▸ Description of the task:
Return the run of lines below that opens with the line containing "n \<Longrightarrow> s" and closes with the line containing "(\<Sum>n. real (parity", keeping each one exact.

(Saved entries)
[Start of Attachment]

(* Let $K_1=\overline{1}$ and, for $j\ge1$, let $K_{j+1}$ be the periodic sequence whose repeating block is obtained by writing the repeating block of $K_j$ twice and replacing the last symbol by its complement. For $s=s_1s_2\dots\in\{0,1\}^{\mathbb N}$ let $\tau(s)=\sum_{k\ge1}t_k2^{-k}$ with $t_k=\sum_{i=1}^k s_i\pmod 2$, and put $\tau_j=\tau(K_j)$. Then for every $j\ge1$, $$\tau_j=\frac{p_j}{q_j},\qquad q_j=2^{2^{j-1}}+1,\qquad p_j=2^{2^{j-1}}+1-\prod_{k=0}^{j-2}\bigl(2^{2^k}-1\bigr),$$ this fraction is in lowest terms, and equivalently $$\tau_j=1-\frac{\prod_{k=0}^{j-2}(2^{2^k}-1)}{2^{2^{j-1}}+1}=1-\frac{\prod_{k=0}^{j-1}(1-2^{-2^k})}{2(1-2^{-2^j})}.$$ Moreover $p_1=2,q_1=3$ and $p_{j+1}=2+(2^{2^{j-1}}-1)p_j$, $q_{j+1}=2+(2^{2^{j-1}}-1)q_j$ for $j\ge1$.
   Context: The empty product equals $1$. For example $\tau_1=2/3$, $\tau_2=4/5$, $\tau_3=14/17$, $\tau_4=212/257$. *)

theory Defs
  imports Complex_Main
begin

text \<open>Repeating block of K_j (as a list of 0/1 naturals). blk 0 is unused
  (we set it equal to blk 1); blk 1 = [1]; blk (j+1) = b @ butlast b @ [1 - last b].\<close>
fun blk :: "nat \<Rightarrow> nat list" where
  "blk 0 = [1]"
| "blk (Suc 0) = [1]"
| "blk (Suc (Suc j)) = (let b = blk (Suc j) in b @ butlast b @ [1 - last b])"

text \<open>K_j as a 0-indexed sequence: K j k is the symbol s_(k+1).\<close>
definition K :: "nat \<Rightarrow> nat \<Rightarrow> nat" where
  "K j k = blk j ! (k mod length (blk j))"

text \<open>tau(s) = sum_(k>=1) t_k 2^(-k), t_k = (s_1+...+s_k) mod 2; with 0-indexed s,
  t_(n+1) = (sum_(i<=n) s i) mod 2.\<close>
definition tau :: "(nat \<Rightarrow> nat) \<Rightarrow> real" where
  "tau s = (\<Sum>n. real ((\<Sum>i\<le>n. s i) mod 2) / 2 ^ (Suc n))"

definition qq :: "nat \<Rightarrow> int" where
  "qq j = 2 ^ (2 ^ (j - 1)) + 1"

definition pp :: "nat \<Rightarrow> int" where
  "pp j = 2 ^ (2 ^ (j - 1)) + 1 - (\<Prod>k<j - 1. (2 ^ (2 ^ k) - 1))"

end

theory Submission imports Defs begin

text \<open>Since one period of \<open>K\<^sub>j\<close> contains an odd number of ones, the parity sequence
  \<open>t\<close> of \<open>K\<^sub>j\<close> is antiperiodic: \<open>t (n + L) = 1 - t n\<close> for the period \<open>L = 2^(j-1)\<close>.
  Summing the resulting geometric tail gives \<open>\<tau>\<^sub>j = (A\<^sub>j + 2^-L) / (1 + 2^-L)\<close>, where
  \<open>A\<^sub>j\<close> is the binary fraction formed by the first \<open>L\<close> parities. Two periods of \<open>K\<^sub>j\<close>
  and one period of \<open>K\<^sub>j\<^sub>+\<^sub>1\<close> differ only in the last symbol, which turns the last
  parity from 0 into 1; together with antiperiodicity this gives
  \<open>1 - A\<^sub>j\<^sub>+\<^sub>1 = (1 - A\<^sub>j) (1 - 2^-L)\<close>, so \<open>1 - A\<^sub>j\<close> is a product of the factors
  \<open>1 - 2^-2^k\<close>. The fraction is in lowest terms because every factor \<open>2^2^k - 1\<close>
  divides \<open>2^2^(j-1) - 1\<close>, which is coprime to the odd number \<open>2^2^(j-1) + 1\<close>.\<close>

definition parity :: "(nat \<Rightarrow> nat) \<Rightarrow> nat \<Rightarrow> nat" where
  "parity s n = (\<Sum>i\<le>n. s i) mod 2"

definition binary_fraction :: "(nat \<Rightarrow> nat) \<Rightarrow> nat \<Rightarrow> real" where
  "binary_fraction t n = (\<Sum>k<n. real (t k) / 2 ^ Suc k)"

lemma parity_le_one: "parity s n \<le> 1"
  unfolding parity_def by simp

lemma parity_cong: "(\<And>i. i \<le> n \<Longrightarrow> s i = s' i) \<Longrightarrow> parity s n = parity s' n"
  unfolding parity_def by simp

lemma tau_eq_suminf_parity: "tau s = (\<Sum>n. real (parity s n) / 2 ^ Suc n)"
  unfolding tau_def parity_def ..

lemma sum_atMost_add_period:
  fixes s :: "nat \<Rightarrow> 'a::comm_monoid_add"
  assumes "\<And>n. s (n + L) = s n"
  shows "(\<Sum>i\<le>n + L. s i) = (\<Sum>i<L. s i) + (\<Sum>i\<le>n. s i)"
proof (induction n)
  case 0
  show ?case using assms[of 0] by (simp add: lessThan_Suc_atMost[symmetric])
next
  case (Suc n)
  then show ?case using assms[of "Suc n"] by (simp add: ac_simps)
qed

lemma parity_add_period:
  assumes "\<And>n. s (n + L) = s n" and "odd (\<Sum>i<L. s i)"
  shows "parity s (n + L) = 1 - parity s n"
proof -
  have "odd a \<Longrightarrow> (a + b) mod 2 = 1 - b mod 2" for a b :: nat by presburger
  then show ?thesis
    unfolding parity_def sum_atMost_add_period[where s = s and L = L, OF assms(1)]
    using assms(2) .
qed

[End of Attachment]

▸ Answer to the exercise:
lemma parity_cong: "(\<And>i. i \<le> n \<Longrightarrow> s i = s' i) \<Longrightarrow> parity s n = parity s' n"
  unfolding parity_def by simp

lemma tau_eq_suminf_parity: "tau s = (\<Sum>n. real (parity s n) / 2 ^ Suc n)"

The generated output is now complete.